The Dreaded Summer Cold

A few days before you head to the beach, the mountains, or Disney World, your little one gets a runny nose, hacking cough and a few loose stools. Next day, just as you are packing the car, fever with a rash starts. Chances are your child has a “Dreaded Summer Cold”. Bad timing! Those symptoms should be in the short dreary days of winter not the happy summertime on vacation. Summer colds don’t get much attention, but the National Institute of Health estimates that 10 to 15 million illnesses are caused yearly by the summer cold virus.

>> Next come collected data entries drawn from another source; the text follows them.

(* Let $\mathcal V$ be a finite set, $2\le k\le|\mathcal V|-2$, and suppose that the code $\Gamma\subset\binom{\mathcal V}{k}$ admits a subgroup $G\le{\rm Aut}(\Gamma)\cap{\rm Sym}(\mathcal V)$ such that $\Gamma$ is $G$-neighbour-transitive and $G$ is intransitive on $\mathcal V$. Then there is a proper non-empty subset $\mathcal U\subset\mathcal V$ such that: $\Gamma$ is the set of all $k$-subsets of $\mathcal U$ if $|\mathcal U|>k$; $\Gamma=\{\mathcal U\}$ if $|\mathcal U|=k$; $\Gamma$ is the set of all $k$-subsets of $\mathcal V$ containing $\mathcal U$ if $|\mathcal U|<k$.
   Context: The Johnson graph $J(|\mathcal V|,k)$ has vertex set $\binom{\mathcal V}{k}$, the $k$-subsets of $\mathcal V$, two being adjacent iff they meet in $k-1$ points. A code is a proper non-empty subset $\Gamma\subset\binom{\mathcal V}{k}$; its neighbour set $\Gamma_1$ is the set of $k$-subsets not in $\Gamma$ adjacent to some codeword. ${\rm Aut}(\Gamma)$ is the setwise stabiliser of $\Gamma$ in ${\rm Aut}(J(|\mathcal V|,k))$. $\Gamma$ is $G$-neighbour-transitive if $G$ is transitive on both $\Gamma$ and $\Gamma_1$. *)

theory Defs
  imports "HOL-Combinatorics.Permutations"
begin

definition ksubsets :: "'a set \<Rightarrow> nat \<Rightarrow> 'a set set" where
  "ksubsets V k = {S. S \<subseteq> V \<and> card S = k}"

definition johnson_adj :: "nat \<Rightarrow> 'a set \<Rightarrow> 'a set \<Rightarrow> bool" where
  "johnson_adj k S T \<longleftrightarrow> card (S \<inter> T) = k - 1"

definition is_code :: "'a set \<Rightarrow> nat \<Rightarrow> 'a set set \<Rightarrow> bool" where
  "is_code V k \<Gamma> \<longleftrightarrow> \<Gamma> \<subseteq> ksubsets V k \<and> \<Gamma> \<noteq> {} \<and> \<Gamma> \<noteq> ksubsets V k"

definition neighbour_set :: "'a set \<Rightarrow> nat \<Rightarrow> 'a set set \<Rightarrow> 'a set set" where
  "neighbour_set V k \<Gamma> =
     {T \<in> ksubsets V k. T \<notin> \<Gamma> \<and> (\<exists>S\<in>\<Gamma>. johnson_adj k S T)}"

definition perm_group_on :: "'a set \<Rightarrow> ('a \<Rightarrow> 'a) set \<Rightarrow> bool" where
  "perm_group_on V G \<longleftrightarrow> (\<forall>g\<in>G. g permutes V) \<and> id \<in> G \<and>
     (\<forall>g\<in>G. \<forall>h\<in>G. g \<circ> h \<in> G) \<and> (\<forall>g\<in>G. inv g \<in> G)"

text \<open>G stabilises the code setwise (G \<le> Aut(Gamma), acting on k-subsets by images).\<close>
definition stabilises :: "('a \<Rightarrow> 'a) set \<Rightarrow> 'a set set \<Rightarrow> bool" where
  "stabilises G \<Gamma> \<longleftrightarrow> (\<forall>g\<in>G. (\<lambda>S. g ` S) ` \<Gamma> = \<Gamma>)"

Everybody’s grandmother knows summer colds are worse and last longer than winter colds. I had doubts about grandmother’s opinion until I looked into it several years ago and found that grandmother was correct. The symptoms of a summer cold are surprising. You expect runny noses with a cold, but in summer you may also get fever, nausea, diarrhea, achy body, and occasionally a rash. While winter colds last 7-10 days, summer colds can last weeks and often relapse.

The winter cold virus is likely to be rhinovirus, coronavirus or a picornavirus. The summer cold virus, that thrives in warm weather from June to October, is different, an enterovirus. All occur throughout the year and experts are not sure why one or the other predominates in their respective times of year.
All these viruses spread rapidly in large groups of people, such as airports, sporting events, schools, and daycares. All colds are caused by direct contact with infected nasal mucus, but the sneaky enterovirus can also be spread by the fecal-oral route from changing dirty diapers on the fold down changing table or door knobs at home or in a public bathroom.

Colds are often mistaken for allergies. Clear nasal mucus lasting 10 days or more with puffy eyelids and blood shot eyes is more likely to be a seasonal allergy. Green nasal mucus, hacking cough, diarrhea, fever and skin rash indicate a summer cold.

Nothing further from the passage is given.